## SOURCE DATA:
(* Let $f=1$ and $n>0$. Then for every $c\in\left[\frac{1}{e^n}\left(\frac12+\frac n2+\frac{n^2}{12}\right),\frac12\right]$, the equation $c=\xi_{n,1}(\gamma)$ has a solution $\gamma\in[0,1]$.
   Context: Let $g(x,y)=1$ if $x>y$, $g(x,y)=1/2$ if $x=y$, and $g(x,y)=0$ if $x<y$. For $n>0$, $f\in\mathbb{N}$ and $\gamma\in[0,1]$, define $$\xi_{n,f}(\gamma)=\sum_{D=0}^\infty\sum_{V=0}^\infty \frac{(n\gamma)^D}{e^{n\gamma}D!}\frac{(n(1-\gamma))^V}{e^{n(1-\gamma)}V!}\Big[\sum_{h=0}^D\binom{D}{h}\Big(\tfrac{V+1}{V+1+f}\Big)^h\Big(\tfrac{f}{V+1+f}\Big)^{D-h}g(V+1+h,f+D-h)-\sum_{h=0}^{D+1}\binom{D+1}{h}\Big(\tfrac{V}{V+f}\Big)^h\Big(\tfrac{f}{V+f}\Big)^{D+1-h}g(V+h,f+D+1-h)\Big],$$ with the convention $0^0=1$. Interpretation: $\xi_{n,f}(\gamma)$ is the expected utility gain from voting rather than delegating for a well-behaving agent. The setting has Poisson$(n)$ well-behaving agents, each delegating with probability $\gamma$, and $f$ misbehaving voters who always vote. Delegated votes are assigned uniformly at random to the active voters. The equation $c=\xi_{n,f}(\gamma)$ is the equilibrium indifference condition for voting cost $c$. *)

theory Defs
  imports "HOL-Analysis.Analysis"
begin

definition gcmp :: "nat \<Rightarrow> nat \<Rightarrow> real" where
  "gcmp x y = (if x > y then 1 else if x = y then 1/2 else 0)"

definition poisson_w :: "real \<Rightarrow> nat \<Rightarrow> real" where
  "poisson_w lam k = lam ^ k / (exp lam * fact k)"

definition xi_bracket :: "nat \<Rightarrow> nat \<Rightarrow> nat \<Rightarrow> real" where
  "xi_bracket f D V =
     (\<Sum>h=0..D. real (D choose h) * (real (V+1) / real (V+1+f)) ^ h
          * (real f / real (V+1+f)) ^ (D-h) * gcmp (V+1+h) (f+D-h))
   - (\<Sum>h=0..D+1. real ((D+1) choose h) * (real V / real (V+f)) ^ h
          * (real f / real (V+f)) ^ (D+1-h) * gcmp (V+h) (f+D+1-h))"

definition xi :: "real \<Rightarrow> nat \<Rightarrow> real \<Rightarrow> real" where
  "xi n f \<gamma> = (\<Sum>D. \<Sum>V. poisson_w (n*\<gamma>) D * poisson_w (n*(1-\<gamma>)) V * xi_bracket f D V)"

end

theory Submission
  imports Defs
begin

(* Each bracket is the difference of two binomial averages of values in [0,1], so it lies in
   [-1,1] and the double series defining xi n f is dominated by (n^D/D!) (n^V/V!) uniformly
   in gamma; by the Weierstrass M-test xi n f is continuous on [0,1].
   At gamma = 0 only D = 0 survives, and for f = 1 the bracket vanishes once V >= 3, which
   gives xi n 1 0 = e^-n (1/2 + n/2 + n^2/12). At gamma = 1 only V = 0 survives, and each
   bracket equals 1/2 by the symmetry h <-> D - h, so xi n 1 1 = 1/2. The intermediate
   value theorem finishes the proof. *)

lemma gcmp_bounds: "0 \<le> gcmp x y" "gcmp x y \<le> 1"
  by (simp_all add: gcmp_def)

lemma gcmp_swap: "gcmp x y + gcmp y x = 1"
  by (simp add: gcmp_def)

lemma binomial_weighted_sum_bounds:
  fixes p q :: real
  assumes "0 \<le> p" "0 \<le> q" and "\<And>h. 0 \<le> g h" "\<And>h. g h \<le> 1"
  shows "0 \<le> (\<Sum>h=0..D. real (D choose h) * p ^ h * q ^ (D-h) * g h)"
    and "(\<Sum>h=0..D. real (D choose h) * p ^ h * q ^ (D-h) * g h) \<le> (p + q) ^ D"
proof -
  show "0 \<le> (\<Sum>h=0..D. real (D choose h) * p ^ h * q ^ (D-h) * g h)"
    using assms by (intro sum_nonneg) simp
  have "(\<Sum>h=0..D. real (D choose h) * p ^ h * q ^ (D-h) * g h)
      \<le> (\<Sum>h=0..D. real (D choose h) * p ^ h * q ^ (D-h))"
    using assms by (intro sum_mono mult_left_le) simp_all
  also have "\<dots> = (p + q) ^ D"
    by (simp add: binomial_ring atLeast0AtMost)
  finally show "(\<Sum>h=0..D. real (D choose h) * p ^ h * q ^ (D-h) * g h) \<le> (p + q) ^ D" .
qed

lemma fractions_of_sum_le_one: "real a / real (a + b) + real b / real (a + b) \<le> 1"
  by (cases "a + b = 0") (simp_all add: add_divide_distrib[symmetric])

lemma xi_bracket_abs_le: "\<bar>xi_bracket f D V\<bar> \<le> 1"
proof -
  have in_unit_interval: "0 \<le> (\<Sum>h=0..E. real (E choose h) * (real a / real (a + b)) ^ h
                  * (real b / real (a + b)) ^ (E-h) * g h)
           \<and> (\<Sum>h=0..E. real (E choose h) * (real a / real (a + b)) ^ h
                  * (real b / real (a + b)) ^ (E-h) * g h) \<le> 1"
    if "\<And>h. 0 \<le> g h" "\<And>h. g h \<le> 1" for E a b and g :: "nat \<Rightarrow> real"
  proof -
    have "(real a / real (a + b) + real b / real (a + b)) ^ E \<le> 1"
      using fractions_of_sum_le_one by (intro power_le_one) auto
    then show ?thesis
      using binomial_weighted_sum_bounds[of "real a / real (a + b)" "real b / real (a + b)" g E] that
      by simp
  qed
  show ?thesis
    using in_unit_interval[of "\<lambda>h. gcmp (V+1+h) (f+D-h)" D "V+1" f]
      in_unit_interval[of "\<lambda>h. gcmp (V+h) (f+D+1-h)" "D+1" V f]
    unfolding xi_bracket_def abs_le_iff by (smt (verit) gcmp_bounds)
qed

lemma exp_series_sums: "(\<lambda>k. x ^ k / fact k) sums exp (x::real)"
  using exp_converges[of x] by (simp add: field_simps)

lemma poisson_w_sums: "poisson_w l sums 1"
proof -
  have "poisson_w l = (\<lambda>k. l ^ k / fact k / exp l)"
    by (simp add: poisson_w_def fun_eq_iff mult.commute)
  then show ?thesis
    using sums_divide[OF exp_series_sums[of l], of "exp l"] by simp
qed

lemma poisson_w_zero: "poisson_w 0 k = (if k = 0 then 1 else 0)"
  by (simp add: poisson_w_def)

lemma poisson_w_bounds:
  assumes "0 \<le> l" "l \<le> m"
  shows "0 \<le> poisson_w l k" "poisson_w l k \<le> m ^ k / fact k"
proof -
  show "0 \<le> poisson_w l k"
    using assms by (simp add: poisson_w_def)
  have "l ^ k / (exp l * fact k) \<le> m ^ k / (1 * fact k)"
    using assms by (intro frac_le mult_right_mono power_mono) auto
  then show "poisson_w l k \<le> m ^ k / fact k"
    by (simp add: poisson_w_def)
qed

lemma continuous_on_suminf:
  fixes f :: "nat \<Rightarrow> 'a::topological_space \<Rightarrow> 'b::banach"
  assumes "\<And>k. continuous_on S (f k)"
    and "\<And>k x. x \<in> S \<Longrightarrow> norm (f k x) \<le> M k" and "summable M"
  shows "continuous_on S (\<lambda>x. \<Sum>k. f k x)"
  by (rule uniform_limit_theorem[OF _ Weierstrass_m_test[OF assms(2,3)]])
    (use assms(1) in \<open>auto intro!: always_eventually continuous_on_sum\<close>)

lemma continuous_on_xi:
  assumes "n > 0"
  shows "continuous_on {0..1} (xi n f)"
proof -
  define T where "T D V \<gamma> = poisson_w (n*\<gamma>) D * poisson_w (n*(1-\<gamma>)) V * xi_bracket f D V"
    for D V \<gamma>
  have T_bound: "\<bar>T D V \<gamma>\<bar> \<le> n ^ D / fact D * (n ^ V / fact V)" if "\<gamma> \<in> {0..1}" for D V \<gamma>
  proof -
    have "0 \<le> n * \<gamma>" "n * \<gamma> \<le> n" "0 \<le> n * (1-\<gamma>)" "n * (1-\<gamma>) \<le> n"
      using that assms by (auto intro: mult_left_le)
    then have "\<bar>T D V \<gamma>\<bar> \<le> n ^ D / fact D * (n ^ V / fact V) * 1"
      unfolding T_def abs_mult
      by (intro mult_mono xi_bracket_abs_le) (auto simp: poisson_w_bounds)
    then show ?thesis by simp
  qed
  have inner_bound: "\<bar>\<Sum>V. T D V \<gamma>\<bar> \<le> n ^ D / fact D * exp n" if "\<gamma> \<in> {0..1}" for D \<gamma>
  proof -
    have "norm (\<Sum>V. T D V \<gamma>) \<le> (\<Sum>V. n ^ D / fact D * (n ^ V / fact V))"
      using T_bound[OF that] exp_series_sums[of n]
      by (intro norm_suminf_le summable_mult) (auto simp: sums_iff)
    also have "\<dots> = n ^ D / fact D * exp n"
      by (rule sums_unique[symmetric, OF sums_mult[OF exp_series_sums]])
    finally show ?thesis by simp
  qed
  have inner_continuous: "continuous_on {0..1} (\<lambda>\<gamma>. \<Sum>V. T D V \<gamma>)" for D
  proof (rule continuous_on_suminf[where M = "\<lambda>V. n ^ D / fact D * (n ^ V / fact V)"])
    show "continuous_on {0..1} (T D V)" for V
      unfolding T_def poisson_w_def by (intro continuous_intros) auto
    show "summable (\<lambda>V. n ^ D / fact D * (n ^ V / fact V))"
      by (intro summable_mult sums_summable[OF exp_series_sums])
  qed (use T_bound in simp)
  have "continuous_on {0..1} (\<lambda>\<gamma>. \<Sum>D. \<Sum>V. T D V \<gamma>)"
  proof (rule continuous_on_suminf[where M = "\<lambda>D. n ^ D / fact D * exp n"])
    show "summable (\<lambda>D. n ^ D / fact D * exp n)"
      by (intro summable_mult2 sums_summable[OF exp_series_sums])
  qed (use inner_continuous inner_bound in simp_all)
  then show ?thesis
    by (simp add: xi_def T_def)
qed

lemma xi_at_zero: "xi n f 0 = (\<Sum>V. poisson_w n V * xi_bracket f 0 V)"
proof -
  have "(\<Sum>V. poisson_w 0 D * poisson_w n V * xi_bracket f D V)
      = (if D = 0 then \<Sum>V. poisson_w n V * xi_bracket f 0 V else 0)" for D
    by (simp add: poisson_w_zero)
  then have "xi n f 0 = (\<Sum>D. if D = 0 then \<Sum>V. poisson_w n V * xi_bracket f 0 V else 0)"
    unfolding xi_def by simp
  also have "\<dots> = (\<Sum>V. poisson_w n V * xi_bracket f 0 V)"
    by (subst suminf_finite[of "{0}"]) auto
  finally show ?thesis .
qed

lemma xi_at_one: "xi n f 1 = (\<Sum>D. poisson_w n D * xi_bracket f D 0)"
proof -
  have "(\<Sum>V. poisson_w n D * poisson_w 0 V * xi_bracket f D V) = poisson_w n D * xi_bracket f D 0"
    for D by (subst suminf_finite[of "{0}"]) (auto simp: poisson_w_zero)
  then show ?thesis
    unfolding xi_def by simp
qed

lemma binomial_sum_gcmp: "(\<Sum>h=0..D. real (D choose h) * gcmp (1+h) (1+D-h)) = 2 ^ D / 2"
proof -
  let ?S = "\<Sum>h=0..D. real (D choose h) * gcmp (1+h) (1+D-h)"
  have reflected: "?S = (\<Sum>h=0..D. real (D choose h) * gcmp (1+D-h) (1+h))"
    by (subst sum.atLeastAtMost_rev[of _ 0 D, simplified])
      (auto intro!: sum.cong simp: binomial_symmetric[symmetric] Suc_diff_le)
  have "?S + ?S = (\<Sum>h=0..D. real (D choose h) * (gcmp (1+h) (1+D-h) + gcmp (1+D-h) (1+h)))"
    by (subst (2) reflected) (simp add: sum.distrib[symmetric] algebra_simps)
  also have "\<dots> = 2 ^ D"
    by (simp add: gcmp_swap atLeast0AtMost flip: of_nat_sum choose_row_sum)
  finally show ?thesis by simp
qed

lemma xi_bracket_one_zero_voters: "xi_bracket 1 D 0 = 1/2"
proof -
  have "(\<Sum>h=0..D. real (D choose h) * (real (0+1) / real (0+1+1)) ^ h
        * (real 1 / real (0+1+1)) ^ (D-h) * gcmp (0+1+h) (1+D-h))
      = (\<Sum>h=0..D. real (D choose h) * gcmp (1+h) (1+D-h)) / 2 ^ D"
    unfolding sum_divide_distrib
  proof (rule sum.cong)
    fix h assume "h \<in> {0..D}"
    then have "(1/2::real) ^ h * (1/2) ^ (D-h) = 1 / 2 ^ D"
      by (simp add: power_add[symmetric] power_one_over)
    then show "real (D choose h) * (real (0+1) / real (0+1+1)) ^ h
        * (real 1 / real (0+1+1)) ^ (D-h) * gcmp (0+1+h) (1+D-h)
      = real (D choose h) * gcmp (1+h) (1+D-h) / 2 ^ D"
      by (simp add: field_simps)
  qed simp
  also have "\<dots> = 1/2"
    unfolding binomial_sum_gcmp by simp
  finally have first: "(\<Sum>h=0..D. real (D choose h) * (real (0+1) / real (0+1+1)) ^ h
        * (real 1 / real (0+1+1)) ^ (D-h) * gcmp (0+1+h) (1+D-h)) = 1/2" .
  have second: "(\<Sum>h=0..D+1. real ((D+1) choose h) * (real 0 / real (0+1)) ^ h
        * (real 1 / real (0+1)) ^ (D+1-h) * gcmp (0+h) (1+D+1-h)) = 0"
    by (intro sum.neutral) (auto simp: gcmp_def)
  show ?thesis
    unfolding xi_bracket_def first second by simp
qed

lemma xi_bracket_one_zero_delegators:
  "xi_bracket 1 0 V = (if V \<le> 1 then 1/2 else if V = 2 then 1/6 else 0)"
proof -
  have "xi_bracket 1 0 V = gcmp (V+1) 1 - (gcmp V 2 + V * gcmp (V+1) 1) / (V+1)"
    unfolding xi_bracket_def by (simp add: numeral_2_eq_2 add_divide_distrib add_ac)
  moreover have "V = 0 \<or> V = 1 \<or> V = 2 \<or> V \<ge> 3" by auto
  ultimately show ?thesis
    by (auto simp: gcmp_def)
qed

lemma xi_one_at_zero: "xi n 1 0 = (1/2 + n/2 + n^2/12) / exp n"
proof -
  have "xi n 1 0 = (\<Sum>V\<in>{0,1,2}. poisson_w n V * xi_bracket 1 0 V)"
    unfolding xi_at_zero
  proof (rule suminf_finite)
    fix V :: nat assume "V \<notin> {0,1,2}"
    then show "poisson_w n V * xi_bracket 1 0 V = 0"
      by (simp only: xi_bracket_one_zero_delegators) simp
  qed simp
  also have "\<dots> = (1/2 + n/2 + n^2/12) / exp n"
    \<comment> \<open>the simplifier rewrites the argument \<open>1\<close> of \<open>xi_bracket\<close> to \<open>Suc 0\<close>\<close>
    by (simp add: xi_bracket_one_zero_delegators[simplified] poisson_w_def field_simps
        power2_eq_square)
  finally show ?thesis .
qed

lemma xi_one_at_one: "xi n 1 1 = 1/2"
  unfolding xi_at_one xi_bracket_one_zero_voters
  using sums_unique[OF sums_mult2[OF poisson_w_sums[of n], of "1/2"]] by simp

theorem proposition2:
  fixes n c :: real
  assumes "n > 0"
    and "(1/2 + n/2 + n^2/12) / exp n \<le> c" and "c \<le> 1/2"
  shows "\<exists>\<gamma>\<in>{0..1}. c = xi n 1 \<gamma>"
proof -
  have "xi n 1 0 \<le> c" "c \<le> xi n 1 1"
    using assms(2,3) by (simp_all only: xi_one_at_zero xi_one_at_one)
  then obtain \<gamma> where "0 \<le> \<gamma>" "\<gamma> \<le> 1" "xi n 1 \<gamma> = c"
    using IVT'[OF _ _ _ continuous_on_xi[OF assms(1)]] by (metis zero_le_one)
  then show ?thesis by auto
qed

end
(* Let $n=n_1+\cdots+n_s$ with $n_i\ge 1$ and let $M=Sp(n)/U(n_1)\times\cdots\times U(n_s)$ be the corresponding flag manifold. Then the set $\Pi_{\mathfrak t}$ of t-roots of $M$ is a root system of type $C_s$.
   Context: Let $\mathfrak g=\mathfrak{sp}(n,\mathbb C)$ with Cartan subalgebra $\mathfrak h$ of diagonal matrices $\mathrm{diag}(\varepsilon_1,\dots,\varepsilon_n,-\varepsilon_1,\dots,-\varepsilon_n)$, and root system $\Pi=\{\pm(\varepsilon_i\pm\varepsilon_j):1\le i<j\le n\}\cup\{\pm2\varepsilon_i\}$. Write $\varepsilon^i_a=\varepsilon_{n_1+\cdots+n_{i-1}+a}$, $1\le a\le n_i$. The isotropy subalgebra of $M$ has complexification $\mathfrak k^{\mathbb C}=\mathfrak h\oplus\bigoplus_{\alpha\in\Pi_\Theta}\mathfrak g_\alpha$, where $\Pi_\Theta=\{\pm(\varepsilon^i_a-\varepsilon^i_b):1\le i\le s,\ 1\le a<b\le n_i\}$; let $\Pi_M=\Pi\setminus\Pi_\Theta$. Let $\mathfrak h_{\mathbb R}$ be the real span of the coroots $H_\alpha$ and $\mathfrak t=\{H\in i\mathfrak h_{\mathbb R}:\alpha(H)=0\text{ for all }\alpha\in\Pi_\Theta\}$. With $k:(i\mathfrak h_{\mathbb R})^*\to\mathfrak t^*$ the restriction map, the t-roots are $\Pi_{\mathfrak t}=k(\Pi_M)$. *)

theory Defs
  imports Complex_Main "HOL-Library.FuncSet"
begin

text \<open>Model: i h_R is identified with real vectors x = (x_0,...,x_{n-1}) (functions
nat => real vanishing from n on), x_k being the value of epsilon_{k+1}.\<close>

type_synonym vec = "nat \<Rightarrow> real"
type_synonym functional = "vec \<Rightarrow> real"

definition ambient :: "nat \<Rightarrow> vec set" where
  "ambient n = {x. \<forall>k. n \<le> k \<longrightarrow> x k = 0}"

## AIM OF THE TASK:
Looking at the data above, give the number of lines that include "subst"; add nothing else.

## WRITTEN ANSWER:
4